Salivary metabolomics
NPLS was subsequently applied to supervise the decomposition using the percentage of sites that were covered in red fluorescent plaque (RF%) as dependent variable (y). The model selection procedure revealed that one component corresponded to the RMSECV minimum, explaining 8.7% of variation in X and 25.7% of variation in y. The commented code below performs the procedure, and is not rerun here due to computational limitations.
# CV_metab = NPLStoolbox::ncrossreg(processedMetabolomics$data, Ymetab_cnt, maxNumComponents = 10)
# a=CV_metab$varExp %>% pivot_longer(-numComponents) %>% ggplot(aes(x=as.factor(numComponents),y=value,col=as.factor(name),group=as.factor(name))) + geom_line() + geom_point() + xlab("Number of components") + ylab("Variance explained (%)") + theme(legend.position="none")
# b=CV_metab$RMSE %>% ggplot(aes(x=as.factor(numComponents),y=RMSE,group=1)) + geom_line() + geom_point() + xlab("Number of components") + ylab("RMSECV")
# ggarrange(a,b)
# npls_metab = NPLStoolbox::triPLS1(processedMetabolomics$data, Ymetab_cnt, 1)
npls_metab = readRDS("./TIFN2/NPLS_metab.RDS")
npls_metab$varExpX
#> [1] 8.655991
npls_metab$varExpY
#> [1] 25.66813As expected, MLR analysis revealed that the NPLS component captured variation exclusively associated with RF%.
testMetadata(npls_metab, 1, processedMetabolomics)
#> Term Estimate CI
#> 1 plaquepercent 4.293501 -0.00105841095712955 – 0.00964541325008825
#> 2 bomppercent 2.176664 -0.00109724071284544 – 0.00545056969051656
#> 3 Area_delta_R30 9.022539 0.00241777824108076 – 0.0156272996462027
#> 4 gender -28.216210 -0.121348837973755 – 0.0649164180705563
#> 5 age -5.708618 -0.0139889510436936 – 0.00257171604047823
#> P_value P_adjust
#> 1 0.112260095 0.23196582
#> 2 0.185572658 0.23196582
#> 3 0.008879154 0.04439577
#> 4 0.542189172 0.54218917
#> 5 0.170255737 0.23196582
model = npls_metab
df = processedMetabolomics
testFeatures(model, df, 1, "Area_delta_R30") # NO flip
#> Joining with `by = join_by(subject, RFgroup)`
#> Joining with `by = join_by(subject, age, gender)`
#> [1] "Positive loadings:"
#> Area_delta_R30
#> [1,] 0.5066373
#> [1] "Negative loadings:"
#> Area_delta_R30
#> [1,] -0.5066373
a = df$mode1 %>%
mutate(Component_1 = model$Fac[[1]][,1]) %>%
left_join(rf_data %>% select(subject,day,Area_delta_R30,plaquepercent,bomppercent) %>% filter(day==14), by="subject") %>%
ggplot(aes(x=Area_delta_R30,y=Component_1)) +
geom_point() +
xlab("RF%") +
ylab("Loading") +
stat_cor() +
theme(text=element_text(size=16))
temp = processedMetabolomics$mode2 %>% mutate(Component_1 = npls_metab$Fac[[2]][,1]) %>% arrange(Component_1) %>% mutate(index=1:nrow(.))

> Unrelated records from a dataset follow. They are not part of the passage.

lemma card_ints_in: "0 \<le> y \<Longrightarrow> real (card (ints_in x y)) = of_int \<lfloor>x + y\<rfloor> - of_int \<lfloor>x\<rfloor>"
  unfolding ints_in_eq_interval by (simp add: floor_mono)

lemma card_ints_in_le:
  assumes "0 \<le> y"
  shows "real (card (ints_in x y)) \<le> y + 1"
  using card_ints_in[OF assms, of x] floor_correct[of x] floor_correct[of "x + y"] by linarith

lemma card_multiples_in_ints_in:
  fixes d :: int
  assumes "0 < d" "0 \<le> y"
  shows "\<bar>real (card {n \<in> ints_in x y. d dvd n}) - y / d\<bar> \<le> 1"
proof -
  have "{n \<in> ints_in x y. d dvd n} = (\<lambda>k. d * k) ` ints_in (x / d) (y / d)"
    using assms(1) unfolding ints_in_def
    by (auto simp: field_simps elim!: dvdE intro!: image_eqI)
  moreover have "inj_on (\<lambda>k. d * k) A" for A
    using assms(1) by (auto simp: inj_on_def)
  ultimately have "real (card {n \<in> ints_in x y. d dvd n})
      = of_int \<lfloor>x / d + y / d\<rfloor> - of_int \<lfloor>x / d\<rfloor>"
    using assms by (simp add: card_image card_ints_in)
  then show ?thesis
    unfolding abs_le_iff using floor_correct[of "x / d"] floor_correct[of "x / d + y / d"] by linarith
qed

lemma int_prod_primes_dvd_iff:
  assumes "finite U" "\<And>p. p \<in> U \<Longrightarrow> prime p"
  shows "(\<Prod>p\<in>U. int p) dvd n \<longleftrightarrow> (\<forall>p\<in>U. int p dvd n)"
  using assms
proof (induction U rule: finite_induct)
  case (insert q U)
  have "\<not> q dvd p" if "p \<in> U" for p
    using that insert.prems insert.hyps primes_dvd_imp_eq[of q p] by auto
  then have "\<not> int q dvd (\<Prod>p\<in>U. int p)"
    using insert.prems insert.hyps by (simp add: prime_dvd_prod_iff flip: of_nat_prod)
  then have "coprime (int q) (\<Prod>p\<in>U. int p)"
    using insert.prems by (intro prime_imp_coprime) auto
  then show ?case
    using insert by (auto simp: divides_mult dest: dvd_mult_left dvd_mult_right)
qed simp

lemma prod_dvd_ind:
  assumes "finite D" "\<And>p. p \<in> D \<Longrightarrow> prime p"
  shows "(\<Prod>p\<in>D. dvd_ind n p) = of_bool ((\<Prod>p\<in>D. int p) dvd n)"
  using int_prod_primes_dvd_iff[OF assms, of n] assms(1)
  by (cases "\<forall>p\<in>D. int p dvd n") (auto simp: dvd_ind_def intro: prod_zero)

text \<open>Each \<open>D \<subseteq> B\<close> contributes the number of multiples of \<open>\<Prod>D\<close> in the interval, which is
  \<open>y / \<Prod>D\<close> up to an error of 1.\<close>
lemma sum_subset_sum_dvd_ind:
  assumes "finite B" "\<And>p. p \<in> B \<Longrightarrow> prime p" "0 \<le> y"
  shows "\<bar>(\<Sum>n\<in>ints_in x y. subset_sum c (dvd_ind n) B) - y * subset_sum c (\<lambda>p. 1 / real p) B\<bar>
         \<le> subset_sum (\<lambda>D. \<bar>c D\<bar>) (\<lambda>_. 1) B"
proof -
  have count: "\<bar>(\<Sum>n\<in>ints_in x y. \<Prod>p\<in>D. dvd_ind n p) - y * (\<Prod>p\<in>D. 1 / real p)\<bar> \<le> 1"
    if "D \<subseteq> B" for D
  proof -
    have D: "finite D" "\<And>p. p \<in> D \<Longrightarrow> prime p"
      using that assms finite_subset by auto
    then have "0 < (\<Prod>p\<in>D. int p)"
      by (simp add: prime_gt_0_nat prod_pos)
    moreover have "(\<Sum>n\<in>ints_in x y. \<Prod>p\<in>D. dvd_ind n p)
        = real (card {n \<in> ints_in x y. (\<Prod>p\<in>D. int p) dvd n})"
      by (simp add: prod_dvd_ind[OF D] of_bool_def sum.If_cases Int_def)
    moreover have "y * (\<Prod>p\<in>D. 1 / real p) = y / real_of_int (\<Prod>p\<in>D. int p)"
      by (simp add: prod_dividef)
    ultimately show ?thesis
      using card_multiples_in_ints_in[of "\<Prod>p\<in>D. int p" y x] assms(3) by simp
  qed
  have "(\<Sum>n\<in>ints_in x y. subset_sum c (dvd_ind n) B) - y * subset_sum c (\<lambda>p. 1 / real p) B
      = (\<Sum>D\<in>Pow B. c D * ((\<Sum>n\<in>ints_in x y. \<Prod>p\<in>D. dvd_ind n p) - y * (\<Prod>p\<in>D. 1 / real p)))"
    unfolding subset_sum_def
    by (simp add: sum.swap[of _ "ints_in x y"] sum_distrib_left sum_subtractf right_diff_distrib mult_ac)
  also have "\<bar>\<dots>\<bar> \<le> (\<Sum>D\<in>Pow B. \<bar>c D\<bar> * 1)"
    using count by (intro order_trans[OF sum_abs] sum_mono) (auto simp: abs_mult intro!: mult_left_le)
  finally show ?thesis
    by (simp add: subset_sum_def)
qed

lemma subset_sum_mult_disjoint:
  assumes "finite A" "finite B" "A \<inter> B = {}"
  shows "subset_sum c g A * subset_sum c' g B = subset_sum (\<lambda>D. c (D \<inter> A) * c' (D \<inter> B)) g (A \<union> B)"
proof -
  have "subset_sum c g A * subset_sum c' g B
      = (\<Sum>(D1, D2)\<in>Pow A \<times> Pow B. c D1 * c' D2 * (\<Prod>p\<in>D1 \<union> D2. g p))"
    unfolding subset_sum_def sum_product sum.cartesian_product
  proof (intro sum.cong refl, clarify)
    fix D1 D2 assume "D1 \<subseteq> A" "D2 \<subseteq> B"
    then have "(\<Prod>p\<in>D1 \<union> D2. g p) = (\<Prod>p\<in>D1. g p) * (\<Prod>p\<in>D2. g p)"
      using assms by (intro prod.union_disjoint) (auto dest: finite_subset)
    then show "c D1 * (\<Prod>p\<in>D1. g p) * (c' D2 * (\<Prod>p\<in>D2. g p)) = c D1 * c' D2 * (\<Prod>p\<in>D1 \<union> D2. g p)"
      by simp
  qed
  also have "\<dots> = subset_sum (\<lambda>D. c (D \<inter> A) * c' (D \<inter> B)) g (A \<union> B)"
  proof -
    have split: "(D1 \<union> D2) \<inter> A = D1" "(D1 \<union> D2) \<inter> B = D2" if "D1 \<subseteq> A" "D2 \<subseteq> B" for D1 D2
      using that assms(3) by blast+
    show ?thesis
      unfolding subset_sum_def
      by (rule sum.reindex_bij_witness[where i = "\<lambda>D. (D \<inter> A, D \<inter> B)" and j = "\<lambda>(D1, D2). D1 \<union> D2"])
         (use assms(3) in \<open>auto simp: split\<close>)
  qed
  finally show ?thesis .
qed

temp = rbind(temp %>% head(n=10), temp %>% tail(n=10))
b = temp %>%
ggplot(aes(x = Component_1, y = as.factor(index),
fill = as.factor(Type),
pattern = as.factor(Type))) +
geom_bar_pattern(stat = "identity",
colour = "black",
pattern = "stripe",
pattern_fill = "black",
pattern_density = 0.2,
pattern_spacing = 0.05,
pattern_angle = 45,
pattern_size = 0.2) +
scale_y_discrete(labels = temp$Name) +
xlab("Loading") +
ylab("") +
guides(fill = guide_legend(title = "Class"),
pattern = "none") +
theme(text = element_text(size = 16),
legend.position = "none")
c = df$mode3 %>%
mutate(Component_1 = model$Fac[[3]][,1], day=c(0,2,5,9,14)) %>%
ggplot(aes(x=day,y=Component_1)) +
annotate(geom = "rect", xmin = 0, xmax = 14, ymin = -Inf, ymax = Inf, fill = "red", colour = "black", alpha=0.25) +
geom_line() +
geom_point() +
xlab("Time point [days]") +
ylab("Loading") +
ylim(0,1) +
theme(legend.position="none", text=element_text(size=16))
a
b
c
Higher RF% was associated with elevated levels of amino acids and dipeptides, including valine, isoleucine, and leucylglycine. In addition, increased concentrations of arachidonate, and polyamines including 1,3-diaminopropane, were observed in this group. Conversely, individuals with lower RF% exhibited higher levels of carbohydrates (e.g., maltose, glucose), energy-related compounds (e.g., creatine, guanidinoacetate), and vitamin-related metabolites such as nicotinamide, dexpanthenol, and alpha-tocopherol acetate. The time mode loadings indicated that inter-subject differences were maximal at day 14.